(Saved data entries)
****
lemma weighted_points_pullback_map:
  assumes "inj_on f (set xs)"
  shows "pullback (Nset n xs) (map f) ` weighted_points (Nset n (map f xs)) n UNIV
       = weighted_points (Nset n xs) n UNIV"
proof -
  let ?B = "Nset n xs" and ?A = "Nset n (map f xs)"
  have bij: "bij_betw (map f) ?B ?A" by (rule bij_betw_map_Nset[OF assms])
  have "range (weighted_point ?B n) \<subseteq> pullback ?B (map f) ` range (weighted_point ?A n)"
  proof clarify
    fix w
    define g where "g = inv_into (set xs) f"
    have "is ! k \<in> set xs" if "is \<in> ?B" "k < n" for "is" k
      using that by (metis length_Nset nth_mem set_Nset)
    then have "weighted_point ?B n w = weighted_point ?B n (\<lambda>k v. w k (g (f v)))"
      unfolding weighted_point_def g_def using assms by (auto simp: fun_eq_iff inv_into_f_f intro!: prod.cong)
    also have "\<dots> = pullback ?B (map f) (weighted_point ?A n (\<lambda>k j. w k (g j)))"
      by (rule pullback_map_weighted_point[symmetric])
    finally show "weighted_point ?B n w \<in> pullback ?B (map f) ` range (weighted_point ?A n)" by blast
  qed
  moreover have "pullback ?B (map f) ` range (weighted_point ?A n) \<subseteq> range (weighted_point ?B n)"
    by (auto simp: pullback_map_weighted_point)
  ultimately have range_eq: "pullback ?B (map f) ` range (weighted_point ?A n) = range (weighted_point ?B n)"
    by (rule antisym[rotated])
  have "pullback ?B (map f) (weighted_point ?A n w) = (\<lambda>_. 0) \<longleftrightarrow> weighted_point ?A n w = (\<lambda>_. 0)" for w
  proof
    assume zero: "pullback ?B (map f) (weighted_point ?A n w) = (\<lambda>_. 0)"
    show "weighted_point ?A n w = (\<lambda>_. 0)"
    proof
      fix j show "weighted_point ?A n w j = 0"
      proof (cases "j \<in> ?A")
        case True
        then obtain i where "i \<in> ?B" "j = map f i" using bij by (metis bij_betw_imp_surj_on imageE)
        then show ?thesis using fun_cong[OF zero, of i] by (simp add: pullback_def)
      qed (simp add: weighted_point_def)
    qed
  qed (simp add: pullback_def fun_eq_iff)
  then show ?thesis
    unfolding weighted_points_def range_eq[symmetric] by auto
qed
****
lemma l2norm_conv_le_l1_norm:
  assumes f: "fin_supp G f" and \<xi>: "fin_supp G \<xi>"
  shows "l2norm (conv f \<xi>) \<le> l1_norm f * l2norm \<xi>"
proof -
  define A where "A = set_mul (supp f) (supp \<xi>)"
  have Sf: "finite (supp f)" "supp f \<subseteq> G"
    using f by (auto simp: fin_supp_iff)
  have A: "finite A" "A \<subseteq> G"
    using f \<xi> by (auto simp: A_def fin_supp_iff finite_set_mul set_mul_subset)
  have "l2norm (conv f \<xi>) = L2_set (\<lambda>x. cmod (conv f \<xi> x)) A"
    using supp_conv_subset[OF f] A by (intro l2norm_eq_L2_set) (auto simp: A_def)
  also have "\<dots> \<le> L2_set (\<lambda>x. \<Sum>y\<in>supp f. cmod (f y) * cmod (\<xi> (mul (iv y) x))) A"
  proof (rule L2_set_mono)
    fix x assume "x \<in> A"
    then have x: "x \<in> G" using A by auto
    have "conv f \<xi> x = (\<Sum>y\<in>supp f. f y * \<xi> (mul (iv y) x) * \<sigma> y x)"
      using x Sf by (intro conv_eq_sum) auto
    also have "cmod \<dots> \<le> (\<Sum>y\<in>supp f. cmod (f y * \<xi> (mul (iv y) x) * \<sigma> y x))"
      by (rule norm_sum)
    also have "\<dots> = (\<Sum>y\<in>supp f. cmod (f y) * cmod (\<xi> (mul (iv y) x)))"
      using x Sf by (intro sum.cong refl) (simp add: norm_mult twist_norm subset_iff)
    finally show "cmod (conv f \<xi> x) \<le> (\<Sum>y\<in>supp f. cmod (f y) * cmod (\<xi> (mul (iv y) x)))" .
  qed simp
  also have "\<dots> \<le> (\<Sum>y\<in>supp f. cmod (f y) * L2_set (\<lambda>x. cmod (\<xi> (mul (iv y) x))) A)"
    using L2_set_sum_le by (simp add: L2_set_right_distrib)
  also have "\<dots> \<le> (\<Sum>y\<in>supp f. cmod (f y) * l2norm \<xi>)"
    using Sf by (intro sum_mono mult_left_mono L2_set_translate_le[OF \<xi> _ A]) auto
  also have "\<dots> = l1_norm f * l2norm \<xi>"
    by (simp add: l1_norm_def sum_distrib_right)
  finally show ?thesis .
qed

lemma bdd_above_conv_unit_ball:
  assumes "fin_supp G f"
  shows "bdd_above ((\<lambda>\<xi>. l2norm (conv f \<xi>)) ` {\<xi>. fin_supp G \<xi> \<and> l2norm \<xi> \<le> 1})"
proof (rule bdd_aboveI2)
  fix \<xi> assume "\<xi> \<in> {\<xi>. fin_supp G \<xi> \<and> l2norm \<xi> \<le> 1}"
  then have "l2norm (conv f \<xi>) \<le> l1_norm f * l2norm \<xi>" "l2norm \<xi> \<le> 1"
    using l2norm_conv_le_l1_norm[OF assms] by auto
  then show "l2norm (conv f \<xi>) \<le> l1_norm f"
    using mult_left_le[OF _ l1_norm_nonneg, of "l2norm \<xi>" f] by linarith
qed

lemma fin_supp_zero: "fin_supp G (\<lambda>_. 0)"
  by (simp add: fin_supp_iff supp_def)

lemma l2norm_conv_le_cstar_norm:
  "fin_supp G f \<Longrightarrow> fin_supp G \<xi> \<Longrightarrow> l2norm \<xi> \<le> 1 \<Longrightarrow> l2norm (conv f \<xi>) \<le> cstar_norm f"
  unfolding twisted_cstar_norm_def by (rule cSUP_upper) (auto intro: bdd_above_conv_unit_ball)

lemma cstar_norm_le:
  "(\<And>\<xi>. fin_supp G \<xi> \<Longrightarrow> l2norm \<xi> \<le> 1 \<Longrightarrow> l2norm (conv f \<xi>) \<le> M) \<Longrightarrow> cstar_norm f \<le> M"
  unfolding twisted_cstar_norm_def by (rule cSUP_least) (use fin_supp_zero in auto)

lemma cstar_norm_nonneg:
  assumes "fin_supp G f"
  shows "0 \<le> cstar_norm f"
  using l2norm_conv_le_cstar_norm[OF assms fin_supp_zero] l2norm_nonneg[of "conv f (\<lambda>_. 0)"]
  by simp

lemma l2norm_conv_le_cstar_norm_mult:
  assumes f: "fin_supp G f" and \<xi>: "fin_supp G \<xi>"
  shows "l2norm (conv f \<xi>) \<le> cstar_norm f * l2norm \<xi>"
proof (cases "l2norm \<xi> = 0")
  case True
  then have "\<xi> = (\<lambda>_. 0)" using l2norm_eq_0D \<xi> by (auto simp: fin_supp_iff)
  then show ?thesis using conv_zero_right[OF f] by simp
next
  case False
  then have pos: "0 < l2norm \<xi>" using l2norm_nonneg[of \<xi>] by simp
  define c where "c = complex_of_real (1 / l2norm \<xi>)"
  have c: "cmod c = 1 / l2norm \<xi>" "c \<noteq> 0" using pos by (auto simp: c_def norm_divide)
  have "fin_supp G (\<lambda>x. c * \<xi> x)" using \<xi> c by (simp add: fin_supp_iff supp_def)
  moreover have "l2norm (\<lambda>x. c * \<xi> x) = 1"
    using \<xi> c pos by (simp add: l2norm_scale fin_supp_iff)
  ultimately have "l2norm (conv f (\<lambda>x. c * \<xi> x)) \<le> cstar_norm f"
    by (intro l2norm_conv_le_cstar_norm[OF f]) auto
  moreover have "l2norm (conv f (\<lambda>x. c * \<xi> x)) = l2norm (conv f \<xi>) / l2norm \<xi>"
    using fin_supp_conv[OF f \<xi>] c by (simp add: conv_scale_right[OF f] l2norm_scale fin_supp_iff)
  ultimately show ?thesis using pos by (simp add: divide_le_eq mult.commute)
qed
****
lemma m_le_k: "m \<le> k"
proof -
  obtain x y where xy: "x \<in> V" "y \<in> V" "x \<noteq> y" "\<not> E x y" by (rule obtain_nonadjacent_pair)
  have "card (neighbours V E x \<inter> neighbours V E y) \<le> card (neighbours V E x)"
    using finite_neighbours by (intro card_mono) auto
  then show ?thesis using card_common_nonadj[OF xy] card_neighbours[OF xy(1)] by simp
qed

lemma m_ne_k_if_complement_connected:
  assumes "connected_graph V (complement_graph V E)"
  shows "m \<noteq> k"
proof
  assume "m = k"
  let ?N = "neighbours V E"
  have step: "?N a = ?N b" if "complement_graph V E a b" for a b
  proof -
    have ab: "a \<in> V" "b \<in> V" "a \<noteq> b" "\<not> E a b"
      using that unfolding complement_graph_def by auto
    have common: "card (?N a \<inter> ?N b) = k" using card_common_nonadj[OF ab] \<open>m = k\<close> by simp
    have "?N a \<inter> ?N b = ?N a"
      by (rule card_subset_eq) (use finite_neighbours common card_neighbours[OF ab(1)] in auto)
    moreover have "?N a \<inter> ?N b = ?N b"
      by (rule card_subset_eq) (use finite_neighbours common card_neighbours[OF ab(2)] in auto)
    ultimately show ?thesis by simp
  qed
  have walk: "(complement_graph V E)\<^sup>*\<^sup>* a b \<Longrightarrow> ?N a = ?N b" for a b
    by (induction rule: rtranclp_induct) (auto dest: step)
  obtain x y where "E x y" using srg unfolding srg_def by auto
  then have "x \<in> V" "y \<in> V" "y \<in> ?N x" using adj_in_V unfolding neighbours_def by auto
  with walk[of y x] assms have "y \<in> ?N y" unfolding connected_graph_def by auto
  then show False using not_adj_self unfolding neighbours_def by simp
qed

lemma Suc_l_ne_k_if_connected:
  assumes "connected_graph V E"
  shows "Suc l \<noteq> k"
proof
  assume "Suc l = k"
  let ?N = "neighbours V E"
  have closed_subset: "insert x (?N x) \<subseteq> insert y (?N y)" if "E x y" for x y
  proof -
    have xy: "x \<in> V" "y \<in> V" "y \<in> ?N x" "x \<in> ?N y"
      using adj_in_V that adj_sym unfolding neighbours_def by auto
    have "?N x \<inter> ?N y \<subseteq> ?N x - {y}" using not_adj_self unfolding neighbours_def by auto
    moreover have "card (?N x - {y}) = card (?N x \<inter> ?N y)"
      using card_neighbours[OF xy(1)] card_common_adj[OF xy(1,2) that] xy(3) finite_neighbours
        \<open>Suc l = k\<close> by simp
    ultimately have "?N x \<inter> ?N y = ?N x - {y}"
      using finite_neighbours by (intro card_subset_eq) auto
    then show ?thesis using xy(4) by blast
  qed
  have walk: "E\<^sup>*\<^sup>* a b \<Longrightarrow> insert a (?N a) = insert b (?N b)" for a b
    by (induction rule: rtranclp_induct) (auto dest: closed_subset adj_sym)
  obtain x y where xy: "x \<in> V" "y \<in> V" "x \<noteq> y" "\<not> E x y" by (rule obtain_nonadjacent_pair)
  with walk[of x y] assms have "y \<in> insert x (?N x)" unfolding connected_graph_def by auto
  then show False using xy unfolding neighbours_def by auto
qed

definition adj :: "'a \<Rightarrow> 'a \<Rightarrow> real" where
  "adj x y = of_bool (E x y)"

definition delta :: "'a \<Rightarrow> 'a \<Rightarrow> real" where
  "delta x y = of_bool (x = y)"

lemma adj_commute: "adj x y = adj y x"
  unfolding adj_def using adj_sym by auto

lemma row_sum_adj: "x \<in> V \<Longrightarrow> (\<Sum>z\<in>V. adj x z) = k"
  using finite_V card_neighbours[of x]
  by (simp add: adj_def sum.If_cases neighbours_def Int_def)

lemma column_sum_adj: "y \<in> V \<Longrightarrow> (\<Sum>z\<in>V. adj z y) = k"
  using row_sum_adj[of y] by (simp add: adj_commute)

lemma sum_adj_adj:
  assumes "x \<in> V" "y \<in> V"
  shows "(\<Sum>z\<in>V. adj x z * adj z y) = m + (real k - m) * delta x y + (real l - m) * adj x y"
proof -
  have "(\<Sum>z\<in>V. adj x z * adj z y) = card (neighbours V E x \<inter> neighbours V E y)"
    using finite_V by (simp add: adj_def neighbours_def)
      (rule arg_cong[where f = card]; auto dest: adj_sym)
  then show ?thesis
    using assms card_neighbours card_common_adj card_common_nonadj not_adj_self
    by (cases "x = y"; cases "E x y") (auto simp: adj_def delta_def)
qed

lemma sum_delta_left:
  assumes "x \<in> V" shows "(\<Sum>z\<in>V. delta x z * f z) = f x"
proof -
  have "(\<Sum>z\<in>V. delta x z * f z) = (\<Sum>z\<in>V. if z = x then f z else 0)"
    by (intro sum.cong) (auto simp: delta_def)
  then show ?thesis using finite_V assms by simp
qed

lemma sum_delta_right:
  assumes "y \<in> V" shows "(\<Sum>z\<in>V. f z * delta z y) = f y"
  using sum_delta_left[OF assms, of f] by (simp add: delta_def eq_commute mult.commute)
****
## PROBLEM REQUIREMENTS
Wherever the string "sigma" appears in the entries, copy that line.

## FINAL ANSWER
    have "conv f \<xi> x = (\<Sum>y\<in>supp f. f y * \<xi> (mul (iv y) x) * \<sigma> y x)"
    also have "cmod \<dots> \<le> (\<Sum>y\<in>supp f. cmod (f y * \<xi> (mul (iv y) x) * \<sigma> y x))"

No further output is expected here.